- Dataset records
(* Let $d\in\mathbb{N}$, $a\in\mathbb{R}$, $b\in(a,\infty)$. For every $v=(v_1,\dots,v_{d+1})\in\mathbb{R}^{d+1}$ let $I^v=\{x\in[a,b]^d\colon v_{d+1}+\sum_{i=1}^d v_ix_i>0\}$. Let $\lambda_d$ denote the Lebesgue measure on $\mathbb{R}^d$, let $p\colon[a,b]^d\to[0,\infty)$ be bounded and measurable, and let $u\in\mathbb{R}^{d+1}\setminus\{0\}$. Then there exist $\varepsilon,C\in(0,\infty)$ such that for all $v,w\in\mathbb{R}^{d+1}$ with $\max\{\|u-v\|,\|u-w\|\}\le\varepsilon$ it holds that $$\int_{I^v\,\Delta\, I^w}p(x)\,\lambda_d(\mathrm{d}x)\le C\|v-w\|,$$ where $\Delta$ denotes the symmetric difference of sets.
   Context: $\|\cdot\|$ denotes the Euclidean norm. *)

theory Defs
  imports "HOL-Analysis.Analysis"
begin

definition cube :: "real \<Rightarrow> real \<Rightarrow> (real ^ 'n) set" where
  "cube a b = cbox (\<chi> i. a) (\<chi> i. b)"

text \<open>A vector v in R^(d+1) is represented as a pair (v_1..v_d, v_(d+1)).
  The norm on the product type is the Euclidean norm.
  I^v = {x in [a,b]^d. v_(d+1) + sum_i v_i x_i > 0}.\<close>
definition Iset :: "real \<Rightarrow> real \<Rightarrow> (real ^ 'n) \<times> real \<Rightarrow> (real ^ 'n) set" where
  "Iset a b v = {x \<in> cube a b. snd v + (\<Sum>i\<in>UNIV. fst v $ i * x $ i) > 0}"

definition symdiff :: "'a set \<Rightarrow> 'a set \<Rightarrow> 'a set" where
  "symdiff A B = (A - B) \<union> (B - A)"

end

theory Submission imports Defs begin

text \<open>The affine forms of \<open>v\<close> and \<open>w\<close> differ by at most \<open>t = \<parallel>v - w\<parallel> (1 + R)\<close> on the cube,
  where \<open>R\<close> bounds the norms of its points, so \<open>I\<^sup>v \<Delta> I\<^sup>w\<close> lies in the slab of the cube where
  the form of \<open>v\<close> has modulus at most \<open>t\<close>. If some linear coefficient \<open>u\<^sub>j\<close> of \<open>u\<close> is nonzero,
  then \<open>\<bar>v\<^sub>j\<bar> \<ge> c = \<bar>u\<^sub>j\<bar>/2\<close> near \<open>u\<close>, and the slab has measure \<open>O(t/c)\<close>: about \<open>c/(3t)\<close>
  pairwise disjoint translates of it in direction \<open>e\<^sub>j\<close> fit into a cube of side \<open>b + 1 - a\<close>.
  If all linear coefficients of \<open>u\<close> vanish, its constant term does not, and \<open>I\<^sup>v = I\<^sup>u\<close> for all
  \<open>v\<close> near \<open>u\<close>.\<close>

lemma Iset_inner: "Iset a b v = {x \<in> cube a b. snd v + inner (fst v) x > 0}"
  by (simp add: Iset_def inner_vec_def mult.commute)

lemma affine_form_diff_le:
  fixes v w :: "'a::real_inner \<times> real"
  assumes "norm x \<le> R"
  shows "\<bar>(snd v + inner (fst v) x) - (snd w + inner (fst w) x)\<bar> \<le> norm (v - w) * (1 + R)"
proof -
  have "(snd v + inner (fst v) x) - (snd w + inner (fst w) x) = snd (v - w) + inner (fst (v - w)) x"
    by (simp add: inner_diff_left)
  also have "\<bar>\<dots>\<bar> \<le> \<bar>snd (v - w)\<bar> + norm (fst (v - w)) * norm x"
    using Cauchy_Schwarz_ineq2[of "fst (v - w)" x] by linarith
  also have "\<dots> \<le> norm (v - w) + norm (v - w) * R"
  proof -
    have "norm (fst (v - w)) \<le> norm (v - w)" "\<bar>snd (v - w)\<bar> \<le> norm (v - w)"
      by (metis norm_fst_le prod.collapse) (metis norm_snd_le prod.collapse real_norm_def)
    then show ?thesis
      using assms by (intro add_mono mult_mono) auto
  qed
  finally show ?thesis
    by (simp add: algebra_simps)
qed

lemma lmeasurable_slab:
  fixes v :: "'a::euclidean_space"
  assumes "compact K"
  shows "{x \<in> K. \<bar>v0 + inner v x\<bar> \<le> t} \<in> lmeasurable"
proof -
  have "closed {x. \<bar>v0 + inner v x\<bar> \<le> t}"
    by (rule closed_Collect_le) (auto intro!: continuous_intros)
  then have "compact (K \<inter> {x. \<bar>v0 + inner v x\<bar> \<le> t})"
    using assms by (rule compact_Int_closed[rotated])
  then show ?thesis
    by (simp add: Collect_conj_eq lmeasurable_compact)
qed

lemma measure_le_of_disjoint_translates:
  fixes S B :: "'a::euclidean_space set"
  assumes S: "S \<in> lmeasurable" and B: "B \<in> lmeasurable" and "finite K"
    and disj: "disjoint_family_on (\<lambda>k. (+) (f k) ` S) K"
    and sub: "\<And>k. k \<in> K \<Longrightarrow> (+) (f k) ` S \<subseteq> B"
  shows "real (card K) * measure lebesgue S \<le> measure lebesgue B"
proof -
  have T: "(+) (f k) ` S \<in> lmeasurable" for k
    using S by (rule measurable_translation)
  have "real (card K) * measure lebesgue S = (\<Sum>k\<in>K. measure lebesgue ((+) (f k) ` S))"
    by (simp add: measure_translation)
  also have "\<dots> = measure lebesgue (\<Union>k\<in>K. (+) (f k) ` S)"
    using T disj \<open>finite K\<close> by (intro measure_UNION'[symmetric]) (auto simp: disjoint_family_on_def pairwise_def disjnt_def)
  also have "\<dots> \<le> measure lebesgue B"
    using sub T B \<open>finite K\<close> by (intro measure_mono_fmeasurable) auto
  finally show ?thesis .
qed

text \<open>On the slab the form varies by at most \<open>2t\<close>, while each translation step by \<open>h e\<close> shifts it
  by \<open>h \<langle>v, e\<rangle>\<close>.\<close>
lemma disjoint_slab_translates:
  fixes v e :: "'a::real_inner"
  assumes "2 * t < h * \<bar>inner v e\<bar>"
  shows "disjoint_family (\<lambda>k::nat. (+) ((real k * h) *\<^sub>R e) ` {x \<in> X. \<bar>v0 + inner v x\<bar> \<le> t})"
  unfolding disjoint_family_on_def
proof (intro ballI impI)
  fix k l :: nat
  assume "k \<noteq> l"
  show "(+) ((real k * h) *\<^sub>R e) ` {x \<in> X. \<bar>v0 + inner v x\<bar> \<le> t} \<inter>
        (+) ((real l * h) *\<^sub>R e) ` {x \<in> X. \<bar>v0 + inner v x\<bar> \<le> t} = {}"
    (is "?K \<inter> ?L = {}")
  proof (rule ccontr)
    assume "?K \<inter> ?L \<noteq> {}"
    then obtain x y where x: "\<bar>v0 + inner v x\<bar> \<le> t" and y: "\<bar>v0 + inner v y\<bar> \<le> t"
      and eq: "(real k * h) *\<^sub>R e + x = (real l * h) *\<^sub>R e + y"
      by auto
    have "inner v ((real k * h) *\<^sub>R e + x) = inner v ((real l * h) *\<^sub>R e + y)"
      using eq by simp
    then have "(real k - real l) * (h * inner v e) = (v0 + inner v y) - (v0 + inner v x)"
      by (simp add: inner_add_right algebra_simps)
    then have "\<bar>real k - real l\<bar> * (h * \<bar>inner v e\<bar>) \<le> 2 * t"
      using x y assms by (simp add: abs_mult)
    moreover have "1 \<le> \<bar>real k - real l\<bar>"
      using \<open>k \<noteq> l\<close> by linarith
    moreover have "0 \<le> t"
      using x by linarith
    ultimately show False
      using assms mult_right_mono[of 1 "\<bar>real k - real l\<bar>" "h * \<bar>inner v e\<bar>"] by linarith
  qed
qed
lemma conjugate_adjoint:
  fixes J M N P :: "real^'m^'m"
  assumes JP: "transpose J ** P = - (P ** J)" and MP: "transpose M ** P = P ** N"
  shows "transpose (J ** M ** J) ** P = P ** (J ** N ** J)"
proof -
  have "transpose (J ** M ** J) ** P = - (transpose J ** (transpose M ** P) ** J)"
    by (simp add: JP matrix_transpose_mul matrix_mul_rneg flip: matrix_mul_assoc)
  also have "\<dots> = P ** (J ** N ** J)"
    by (simp add: MP JP matrix_mul_lneg matrix_mul_assoc)
  finally show ?thesis .
qed

lemma CM_adjoint:
  fixes J M N P :: "real^'m^'m"
  assumes "transpose J ** P = - (P ** J)" and "transpose M ** P = P ** N"
  shows "transpose (CM J M) ** P = P ** CM J N"
  unfolding CM_def using conjugate_adjoint[OF assms] assms(2)
  by (simp add: transpose_scalar transpose_diff matrix_diff_rdistrib matrix_diff_ldistrib
      matrix_mul_scaleR_right flip: scalar_matrix_assoc)

lemma DM_adjoint:
  fixes J M N P :: "real^'m^'m"
  assumes "transpose J ** P = - (P ** J)" and "transpose M ** P = P ** N"
  shows "transpose (DM J M) ** P = P ** DM J N"
  unfolding DM_def using conjugate_adjoint[OF assms] assms(2)
  by (simp add: transpose_scalar transpose_add matrix_add_rdistrib matrix_add_ldistrib
      matrix_mul_scaleR_right flip: scalar_matrix_assoc)

lemma matrix_inv_commute:
  fixes A B :: "'a::field^'n^'n"
  assumes "invertible A" and "B ** A = A ** B"
  shows "B ** matrix_inv A = matrix_inv A ** B"
proof -
  have "B ** matrix_inv A = matrix_inv A ** (A ** B) ** matrix_inv A"
    by (simp add: matrix_inv_left[OF assms(1)] matrix_mul_assoc)
  also have "\<dots> = matrix_inv A ** B"
    by (simp add: matrix_inv_right[OF assms(1)] flip: assms(2) matrix_mul_assoc)
  finally show ?thesis .
qed

lemma ZM_anticommute:
  fixes J M :: "real^'m^'m"
  assumes JJ: "J ** J = - mat 1" and "invertible (CM J M)"
  shows "ZM J M ** J = - (J ** ZM J M)"
proof -
  have inv_commute: "J ** matrix_inv (CM J M) = matrix_inv (CM J M) ** J"
    using matrix_inv_commute[OF assms(2) CM_commute[OF JJ]] .
  have "ZM J M ** J = - (matrix_inv (CM J M) ** (J ** DM J M))"
    unfolding ZM_def by (simp add: DM_anticommute[OF JJ] matrix_mul_rneg flip: matrix_mul_assoc)
  also have "\<dots> = - (J ** ZM J M)"
    unfolding ZM_def by (simp add: inv_commute matrix_mul_assoc)
  finally show ?thesis .
qed

lemma ZM_adjoint:
  fixes J M N P :: "real^'m^'m"
  assumes JJ: "J ** J = - mat 1" and JP: "transpose J ** P = - (P ** J)"
    and MP: "transpose M ** P = P ** N" and MN: "M ** N = mat 1"
    and P: "invertible P" and C: "invertible (CM J M)"
  shows "transpose (ZM J M) ** P = - (P ** ZM J M)"
proof -
  define Ci where "Ci = matrix_inv (CM J M)"
  \<comment> \<open>the inverse of C_(M^-1) = P^-1 C_M^T P\<close>
  define K where "K = matrix_inv P ** transpose Ci ** P"
  have P_cancel: "X ** P ** matrix_inv P = X" for X :: "real^'m^'m"
    by (metis matrix_inv_right[OF P] matrix_mul_assoc matrix_mul_rid)
  have Ci_C: "Ci ** CM J M = mat 1"
    unfolding Ci_def by (rule matrix_inv_left[OF C])
  have "CM J N = matrix_inv P ** (transpose (CM J M) ** P)"
    by (simp add: CM_adjoint[OF JP MP] matrix_inv_left[OF P] matrix_mul_assoc)
  then have "CM J N ** K = matrix_inv P ** transpose (Ci ** CM J M) ** P"
    unfolding K_def by (simp add: P_cancel matrix_transpose_mul matrix_mul_assoc)
  then have CK: "CM J N ** K = mat 1"
    by (simp add: Ci_C matrix_inv_left[OF P])
  have "DM J N = Ci ** (CM J M ** DM J N)"
    by (simp add: Ci_C matrix_mul_assoc)
  then have "DM J N ** K = - (Ci ** DM J M ** (CM J N ** K))"
    by (simp add: CM_DM_inverse_anticommute[OF JJ MN] matrix_mul_rneg matrix_mul_lneg
        matrix_mul_assoc)
  then have DK: "DM J N ** K = - ZM J M"
    by (simp add: CK ZM_def Ci_def)
  have "transpose (ZM J M) ** P = transpose (DM J M) ** P ** K"
    unfolding ZM_def K_def Ci_def
    by (simp add: matrix_transpose_mul P_cancel matrix_mul_assoc)
  also have "\<dots> = - (P ** ZM J M)"
    by (simp add: DM_adjoint[OF JP MP] DK matrix_mul_rneg flip: matrix_mul_assoc)
  finally show ?thesis .
qed

lemma CM_J_adjoint:
  fixes J M N P :: "real^'m^'m"
  assumes "J ** J = - mat 1" and "transpose J ** P = - (P ** J)"
    and "transpose M ** P = P ** N"
  shows "transpose (CM J M) ** (P ** J) = P ** J ** CM J N"
proof -
  have "transpose (CM J M) ** (P ** J) = P ** (CM J N ** J)"
    by (simp add: CM_adjoint[OF assms(2,3)] matrix_mul_assoc)
  then show ?thesis
    by (metis CM_commute[OF assms(1)] matrix_mul_assoc)
qed

lemma DM_J_adjoint:
  fixes J M N P :: "real^'m^'m"
  assumes "J ** J = - mat 1" and "transpose J ** P = - (P ** J)"
    and "transpose M ** P = P ** N"
  shows "transpose (DM J M) ** (P ** J) = - (P ** J ** DM J N)"
proof -
  have "transpose (DM J M) ** (P ** J) = P ** (DM J N ** J)"
    by (simp add: DM_adjoint[OF assms(2,3)] matrix_mul_assoc)
  then show ?thesis
    by (simp add: DM_anticommute[OF assms(1)] matrix_mul_rneg matrix_mul_assoc)
qed
definition fa_zero :: "'g fa" where "fa_zero = (\<lambda>_. 0)"
definition fa_one :: "'g fa" where "fa_one = (\<lambda>xs. if xs = [] then 1 else 0)"
definition fa_gen :: "'g \<Rightarrow> 'g fa" where "fa_gen x = (\<lambda>xs. if xs = [x] then 1 else 0)"
definition fa_add :: "'g fa \<Rightarrow> 'g fa \<Rightarrow> 'g fa" where "fa_add f h = (\<lambda>xs. f xs + h xs)"
definition fa_diff :: "'g fa \<Rightarrow> 'g fa \<Rightarrow> 'g fa" where "fa_diff f h = (\<lambda>xs. f xs - h xs)"
definition fa_smul :: "complex \<Rightarrow> 'g fa \<Rightarrow> 'g fa" where "fa_smul c f = (\<lambda>xs. c * f xs)"
definition fa_mult :: "'g fa \<Rightarrow> 'g fa \<Rightarrow> 'g fa" where
  "fa_mult f h = (\<lambda>zs. \<Sum>i\<le>length zs. f (take i zs) * h (drop i zs))"

text \<open>Defining relations of U(g) as a quotient of the free algebra on g.\<close>
definition U_rels ::
  "(complex \<Rightarrow> 'g::ab_group_add \<Rightarrow> 'g) \<Rightarrow> ('g \<Rightarrow> 'g \<Rightarrow> 'g) \<Rightarrow> 'g fa set" where
  "U_rels scale br =
     {fa_diff (fa_gen (x + y)) (fa_add (fa_gen x) (fa_gen y)) | x y. True}
   \<union> {fa_diff (fa_gen (scale c x)) (fa_smul c (fa_gen x)) | c x. True}
   \<union> {fa_diff (fa_diff (fa_mult (fa_gen x) (fa_gen y)) (fa_mult (fa_gen y) (fa_gen x)))
              (fa_gen (br x y)) | x y. True}"

text \<open>Kernel of the surjection  FreeAlg(g) \<rightarrow> U(g) \<rightarrow> W(phi) = U(g) \<otimes>_{U(p)} C w_phi = U(g)/U(g){p - phi(p)}:
  the two-sided ideal generated by U_rels plus the left ideal generated by p - phi(p).\<close>
inductive_set W_ker ::
  "(complex \<Rightarrow> 'g::ab_group_add \<Rightarrow> 'g) \<Rightarrow> ('g \<Rightarrow> 'g \<Rightarrow> 'g) \<Rightarrow> 'g set \<Rightarrow> ('g \<Rightarrow> complex) \<Rightarrow> 'g fa set"
  for scale br P \<phi> where
  zero: "fa_zero \<in> W_ker scale br P \<phi>"
| add: "a \<in> W_ker scale br P \<phi> \<Longrightarrow> b \<in> W_ker scale br P \<phi> \<Longrightarrow> fa_add a b \<in> W_ker scale br P \<phi>"
| smul: "a \<in> W_ker scale br P \<phi> \<Longrightarrow> fa_smul c a \<in> W_ker scale br P \<phi>"
| rel: "r \<in> U_rels scale br \<Longrightarrow> a \<in> fa_elems \<Longrightarrow> b \<in> fa_elems \<Longrightarrow>
        fa_mult (fa_mult a r) b \<in> W_ker scale br P \<phi>"
| ind: "p \<in> P \<Longrightarrow> a \<in> fa_elems \<Longrightarrow>
        fa_mult a (fa_diff (fa_gen p) (fa_smul (\<phi> p) fa_one)) \<in> W_ker scale br P \<phi>"

end

theory Submission
  imports Defs
begin

text \<open>
  Filter \<open>W(\<phi>)\<close> by the images of the words of length \<open>< n\<close>. Because \<open>\<mathfrak>p\<close> is an ideal,
  the relation \<open>q x = x q - [x, q]\<close> in \<open>U(\<mathfrak>g)\<close> lets one move \<open>q \<in> \<mathfrak>p\<close> through a word
  step by step until it hits \<open>w\<^sub>\<phi>\<close>, where it acts by \<open>\<phi>(q)\<close>; hence \<open>q - \<phi>(q)\<close> lowers the
  filtration degree. If \<open>v \<in> M\<close> is nonzero of minimal degree, then \<open>(q - \<phi>(q)) v \<in> M\<close>
  has smaller degree and therefore vanishes.
\<close>

definition fa_cons :: "'g \<Rightarrow> 'g fa \<Rightarrow> 'g fa" where
  "fa_cons x f = (\<lambda>zs. case zs of [] \<Rightarrow> 0 | z # zs' \<Rightarrow> if z = x then f zs' else 0)"

definition fa_word :: "'g list \<Rightarrow> 'g fa" where
  "fa_word w = (\<lambda>zs. if zs = w then 1 else 0)"

definition fa_deg_less :: "nat \<Rightarrow> 'g fa \<Rightarrow> bool" where
  "fa_deg_less n f \<longleftrightarrow> (\<forall>zs. n \<le> length zs \<longrightarrow> f zs = 0)"

definition shift_act :: "('g \<Rightarrow> complex) \<Rightarrow> 'g \<Rightarrow> 'g fa \<Rightarrow> 'g fa" where
  "shift_act \<phi> q f = fa_diff (fa_cons q f) (fa_smul (\<phi> q) f)"

lemma fa_diff_eq_add_smul: "fa_diff a b = fa_add a (fa_smul (-1) b)"
  by (rule ext) (simp add: fa_diff_def fa_add_def fa_smul_def)

lemma fa_mult_cons: "fa_mult (fa_cons x a) h = fa_cons x (fa_mult a h)"
proof
  fix zs
  show "fa_mult (fa_cons x a) h zs = fa_cons x (fa_mult a h) zs"
    by (cases zs)
      (simp_all add: fa_mult_def fa_cons_def sum.atMost_Suc_shift del: sum.atMost_Suc)
qed

lemma fa_mult_one: "fa_mult fa_one h = h"
proof
  fix zs
  show "fa_mult fa_one h zs = h zs"
    by (cases zs)
      (simp_all add: fa_mult_def fa_one_def sum.atMost_Suc_shift del: sum.atMost_Suc)
qed

lemma fa_mult_diff_left: "fa_mult (fa_diff f g) h = fa_diff (fa_mult f h) (fa_mult g h)"
  by (simp add: fa_mult_def fa_diff_def sum_subtractf left_diff_distrib)

lemma fa_gen_eq_cons_one: "fa_gen x = fa_cons x fa_one"
  by (rule ext) (simp add: fa_gen_def fa_cons_def fa_one_def split: list.split)

lemma fa_mult_gen: "fa_mult (fa_gen x) h = fa_cons x h"
  by (simp add: fa_gen_eq_cons_one fa_mult_cons fa_mult_one)

lemma fa_word_Nil: "fa_word [] = fa_one"
  by (rule ext) (simp add: fa_word_def fa_one_def)

lemma fa_word_Cons: "fa_word (x # w) = fa_cons x (fa_word w)"
  by (rule ext) (simp add: fa_word_def fa_cons_def split: list.split)

lemma fa_word_elems: "fa_word w \<in> fa_elems"
proof -
  have "{zs. fa_word w zs \<noteq> 0} \<subseteq> {w}" by (auto simp: fa_word_def)
  then show ?thesis unfolding fa_elems_def using finite_subset by blast
qed

lemma fa_one_elems: "fa_one \<in> fa_elems"
  using fa_word_elems[of "[]"] by (simp add: fa_word_Nil)

lemma fa_cons_elems:
  assumes "a \<in> fa_elems"
  shows "fa_cons x a \<in> fa_elems"
proof -
  have "{zs. fa_cons x a zs \<noteq> 0} \<subseteq> (#) x ` {ys. a ys \<noteq> 0}"
  proof
    fix zs assume "zs \<in> {zs. fa_cons x a zs \<noteq> 0}"
    then show "zs \<in> (#) x ` {ys. a ys \<noteq> 0}"
      by (cases zs) (auto simp: fa_cons_def split: if_splits)
  qed
  moreover have "finite ((#) x ` {ys. a ys \<noteq> 0})"
    using assms by (simp add: fa_elems_def)
  ultimately show ?thesis unfolding fa_elems_def using finite_subset by blast
qed

lemma fa_cons_add: "fa_cons x (fa_add a b) = fa_add (fa_cons x a) (fa_cons x b)"
  by (rule ext) (simp add: fa_cons_def fa_add_def split: list.split)

lemma fa_cons_smul: "fa_cons x (fa_smul c a) = fa_smul c (fa_cons x a)"
  by (rule ext) (simp add: fa_cons_def fa_smul_def split: list.split)

lemma fa_cons_zero: "fa_cons x fa_zero = fa_zero"
  by (rule ext) (simp add: fa_cons_def fa_zero_def split: list.split)

lemma fa_deg_less_cons: "fa_deg_less n a \<Longrightarrow> fa_deg_less (Suc n) (fa_cons x a)"
  by (auto simp: fa_deg_less_def fa_cons_def split: list.split)

lemma fa_deg_less_word: "fa_deg_less (Suc (length w)) (fa_word w)"
  by (auto simp: fa_deg_less_def fa_word_def)

lemma fa_deg_less_zero: "fa_deg_less 0 f \<Longrightarrow> f = fa_zero"
  by (auto simp: fa_deg_less_def fa_zero_def)

lemma fa_elems_deg_less:
  assumes "f \<in> fa_elems"
  shows "\<exists>n. fa_deg_less n f"
proof -
  let ?S = "{zs. f zs \<noteq> 0}"
  have "finite ?S" using assms by (simp add: fa_elems_def)
  then have "length zs \<le> Max (length ` ?S)" if "f zs \<noteq> 0" for zs
    using that by simp
  then have "fa_deg_less (Suc (Max (length ` ?S))) f"
    by (meson fa_deg_less_def not_less_eq_eq)
  then show ?thesis ..
qed

lemma fa_deg_less_induct [consumes 2, case_names zero step]:
  assumes "f \<in> fa_elems" and "fa_deg_less n f"
    and zero: "Q fa_zero"
    and step: "\<And>a c w. Q a \<Longrightarrow> length w < n \<Longrightarrow> Q (fa_add a (fa_smul c (fa_word w)))"
  shows "Q f"
proof -
  have "\<forall>f. {zs. f zs \<noteq> 0} \<subseteq> S \<longrightarrow> fa_deg_less n f \<longrightarrow> Q f" if "finite S" for S
    using that
  proof (induction S rule: finite_induct)
    case empty
    then show ?case using zero by (auto simp: fa_zero_def)
  next
    case (insert w S)
    show ?case
    proof (intro allI impI)
      fix f :: "'a fa"
      assume supp: "{zs. f zs \<noteq> 0} \<subseteq> insert w S" and deg: "fa_deg_less n f"
      have "{zs. (f(w := 0)) zs \<noteq> 0} \<subseteq> S" using supp by auto
      moreover have "fa_deg_less n (f(w := 0))" using deg by (simp add: fa_deg_less_def)
      ultimately have "Q (f(w := 0))" using insert.IH by blast
      moreover have "f = fa_add (f(w := 0)) (fa_smul (f w) (fa_word w))"
        by (rule ext) (simp add: fa_add_def fa_smul_def fa_word_def)
      moreover have "length w < n" if "f w \<noteq> 0"
        using deg that unfolding fa_deg_less_def by (meson not_less)
      ultimately show "Q f"
        using step by (metis fun_upd_triv)
    qed
  qed
  then show ?thesis using assms(1,2) by (simp add: fa_elems_def)
qed

lemma shift_act_add: "shift_act \<phi> q (fa_add a b) = fa_add (shift_act \<phi> q a) (shift_act \<phi> q b)"
  unfolding shift_act_def fa_cons_add
  by (rule ext) (simp add: fa_diff_def fa_add_def fa_smul_def algebra_simps)

lemma shift_act_smul: "shift_act \<phi> q (fa_smul c a) = fa_smul c (shift_act \<phi> q a)"
  unfolding shift_act_def fa_cons_smul
  by (rule ext) (simp add: fa_diff_def fa_smul_def algebra_simps)

lemma shift_act_zero: "shift_act \<phi> q fa_zero = fa_zero"
  unfolding shift_act_def fa_cons_zero
  by (rule ext) (simp add: fa_diff_def fa_smul_def fa_zero_def)

context
  fixes scale :: "complex \<Rightarrow> 'g::ab_group_add \<Rightarrow> 'g"
    and br :: "'g \<Rightarrow> 'g \<Rightarrow> 'g"
    and P :: "'g set"
    and \<phi> :: "'g \<Rightarrow> complex"
begin

lemma W_ker_cons: "k \<in> W_ker scale br P \<phi> \<Longrightarrow> fa_cons x k \<in> W_ker scale br P \<phi>"
proof (induction rule: W_ker.induct)
  case zero
  then show ?case by (simp add: fa_cons_zero W_ker.zero)
next
  case (add a b)
  then show ?case by (simp add: fa_cons_add W_ker.add)
next
  case (smul a c)
  then show ?case by (simp add: fa_cons_smul W_ker.smul)
next
  case (rel r a b)
  then show ?case by (metis fa_mult_cons fa_cons_elems W_ker.rel)
next
  case (ind p a)
  then show ?case by (metis fa_mult_cons fa_cons_elems W_ker.ind)
qed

- Instructions to follow
Lines from the entries that contain the string "split" are what must be copied.

- Response below
  by (rule ext) (simp add: fa_gen_def fa_cons_def fa_one_def split: list.split)
  by (rule ext) (simp add: fa_word_def fa_cons_def split: list.split)
      by (cases zs) (auto simp: fa_cons_def split: if_splits)
  by (rule ext) (simp add: fa_cons_def fa_add_def split: list.split)
  by (rule ext) (simp add: fa_cons_def fa_smul_def split: list.split)
  by (rule ext) (simp add: fa_cons_def fa_zero_def split: list.split)
  by (auto simp: fa_deg_less_def fa_cons_def split: list.split)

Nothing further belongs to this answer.